From: Kingsley Idehen <kidehen@openlinksw.com>
Date: Tue, 04 Dec 2012 07:13:52 -0500
To: public-webid@w3.org
Message-ID: <50BDE900.1050605@openlinksw.com>
On 12/4/12 6:00 AM, Henry Story wrote:
> On 3 Dec 2012, at 18:27, Kingsley Idehen <kidehen@openlinksw.com> wrote:
>
>> On 12/3/12 7:58 AM, Nathan wrote:
>>> Kingsley Idehen wrote:
>>>> On 12/3/12 5:56 AM, Henry Story wrote:
>>>>> We still have to see what the issues are here. It seems that the cacheability problem pointed out by Nathan
>>>>> would affect all JavaScript applications, not just tabulator
>>>>>
>>>>> [[
>>>>>
>>>>> RFC 2616 says:
>>>>> "The 303 response MUST NOT be cached, but the response to the second (redirected) request might be cacheable."
>>>>>
>>>>> HTTPBis says:
>>>>> "A 303 response SHOULD NOT be cached unless it is indicated as cacheable by Cache-Control or Expires header fields."
>>>>>
>>>>> Of course most tooling will not cache 303s as it's been a MUST NOT for 13+ years.
>>>>> ]]
>>>>>
>>>> You cache data.
>>>>
>>>> User agents don't cache entity names.
>>>>
>>>> Using DBpedia as an example, you don't cache <http://dbpedia.org/resource/Linked_Data>, you cache: <http://dbpedia.org/page/Linked_Data>, assuming the HTML representation of the entity description is what you are interested in. Same applies to all the other representations of the description of: <http://dbpedia.org/resource/Linked_Data> .
>>> Correct, the issue people note, is that you still have to do a GET on <http://dbpedia.org/resource/Linked_Data> in order to get the 303 URI, that second URI can then be loaded from cache, so it involves at least one HTTP GET each time, even with caching.
>>>
>>>
>> Depends on the apps Linked Data exploitation logic :-)
> No it does not depend on the logic, this is an engineering reality, as I show below.
>
>> An Entity Name in this case is just an indirect route to its description, same applies to the Entity Description Document Address. Thus, an application can make a decision about which "route to data" it works with.
> Of course we know this. But that does not remove the problem that a TCP connection is expensive to build up and even making a request on an open connection requires a packet to go back and forth from the client to the server, which can require a few packet to go once around the world and back. So logically you may be right, be we are engineers here, and we have to take things like the speed of light into account.

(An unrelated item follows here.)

(* In the setting below, with all parameters other than $S$ fixed, $$\lim_{S\to\infty}\bar P_{\mathrm{out}}=K\sum_{n=0}^\infty\frac{(m)_n\delta^n(2b)^{1+n}}{(n!)^2}\gamma\!\left(1+n,\frac{w_1a^\alpha}{2b}\right).$$ Setting: $r_{\mathrm{e}},a>0$; for $S>0$ the satellite positions form a homogeneous Poisson point process on the sphere of radius $r_{\mathrm{e}}+a$ centered at $O$ with intensity $S/(4\pi(r_{\mathrm{e}}+a)^2)$; a terminal sits at a fixed point $u$ with $|u|=r_{\mathrm{e}}$. With $\theta_{\mathrm{min}}$, $\omega_{\mathrm{th}}>0$ let $d_{\mathrm{max}}=\sqrt{r_{\mathrm{e}}^2\sin^2\theta_{\mathrm{min}}+a^2+2r_{\mathrm{e}}a}-r_{\mathrm{e}}\sin\theta_{\mathrm{min}}$, $\psi_{\mathrm{th}}=\sin^{-1}\!\left(\frac{r_{\mathrm{e}}+a}{r_{\mathrm{e}}}\sin\omega_{\mathrm{th}}\right)-\omega_{\mathrm{th}}$, $d_{\mathrm{th}}=\sqrt{r_{\mathrm{e}}^2+(r_{\mathrm{e}}+a)^2-2r_{\mathrm{e}}(r_{\mathrm{e}}+a)\cos\psi_{\mathrm{th}}}$, with $a<d_{\mathrm{th}}\le d_{\mathrm{max}}$. Let $s_0$ be the nearest satellite, at distance $d_{s_0}$. Let $h$ be independent of the satellite positions with CDF $F_h(x)=K\sum_{n\ge0}\frac{(m)_n\delta^n(2b)^{1+n}}{(n!)^2}\gamma(1+n,\frac{x}{2b})$, where $b,m,\Omega>0$, $K=\left(\frac{2bm}{2bm+\Omega}\right)^m/(2b)$, $\delta=\frac{\Omega/(2bm+\Omega)}{2b}$. For positive constants $P,g,G_{\mathrm{t}}^{\mathrm{ml}},G_{\mathrm{t}}^{\mathrm{sl}},G_{\mathrm{r}},N_0,W,f_{\mathrm{c}},c,\alpha$ and $R\ge0$, let $\gamma_{s_0}=\frac{PgG_{\mathrm{t}}G_{\mathrm{r}}h(c/(4\pi f_{\mathrm{c}}))^2d_{s_0}^{-\alpha}}{N_0W}$ with $G_{\mathrm{t}}=G_{\mathrm{t}}^{\mathrm{ml}}$ if $d_{s_0}\le d_{\mathrm{th}}$ and $G_{\mathrm{t}}^{\mathrm{sl}}$ otherwise; $\bar P_{\mathrm{out}}=\mathbb{P}[\log_2(1+\gamma_{s_0})<R\mid d_{s_0}\le d_{\mathrm{max}}]$; and $w_1=\frac{16\pi^2f_{\mathrm{c}}^2N_0W(2^R-1)}{Pgc^2G_{\mathrm{t}}^{\mathrm{ml}}G_{\mathrm{r}}}$.
   Context: $\gamma(s,x)=\int_0^xt^{s-1}e^{-t}dt$ is the lower incomplete Gamma function and $(x)_n=\Gamma(x+n)/\Gamma(x)$. $\bar P_{\mathrm{out}}$ is the paper's Poisson-limit approximation of the outage probability of a system of $S$ satellites, defined as the outage probability when the satellite positions form a homogeneous Poisson point process with mean number $S$ on the sphere; $F_h$ is the shadowed-Rician fading CDF. The right-hand side equals $F_h(w_1a^\alpha)$. *)

theory Defs
  imports "HOL-Probability.Probability"
begin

As has been discussed many times, architecture and engineering are 
slightly different specializations. A spec is more about architecture. 
Implementation is about engineering. A spec should be about making 
optimization choices, that's for engineers to deal with.

>
> The 303 solution requires each URI to be dereferenced once, even if they all end up being located in the same document.

Same thing with a # URI.

>   The foaf ontology for example has close to 85 definitions, which means one has to do 85 requests if one wants to be sure that each of these is really defined in the foaf spec. Now technologies such as SPDY might help a lot here, but those are in development.
>
> In the case of a WebID protocol you have to dereference each URI to GET its meaning. For WebID it is very most likely that each WebIF is uniquely associated with the Profile, so that you are requiring 2 gets where one would do, since the second is usually not going to be cache. Slowing down authentication for large services quite dramatically, in a space where timing is of the essence.
>
> Now as far as dbpedia goes amazingly enough they don't even cache the 303s. HttpBis requires cache control headers. I don't see any there:
>
> $ curl -i http://dbpedia.org/resource/Berlin
> HTTP/1.1 303 See Other
> Date: Tue, 04 Dec 2012 10:40:23 GMT
> Content-Type: text/html; charset=UTF-8
> Content-Length: 0
> Connection: keep-alive
> Server: Virtuoso/06.04.3132 (Linux) x86_64-generic-linux-glibc212-64  VDB
> Accept-Ranges: bytes
> Location: http://dbpedia.org/page/Berlin
>
>
> If the dbpedia folks can't even get these basic engineering right, then what should one expect of most end users?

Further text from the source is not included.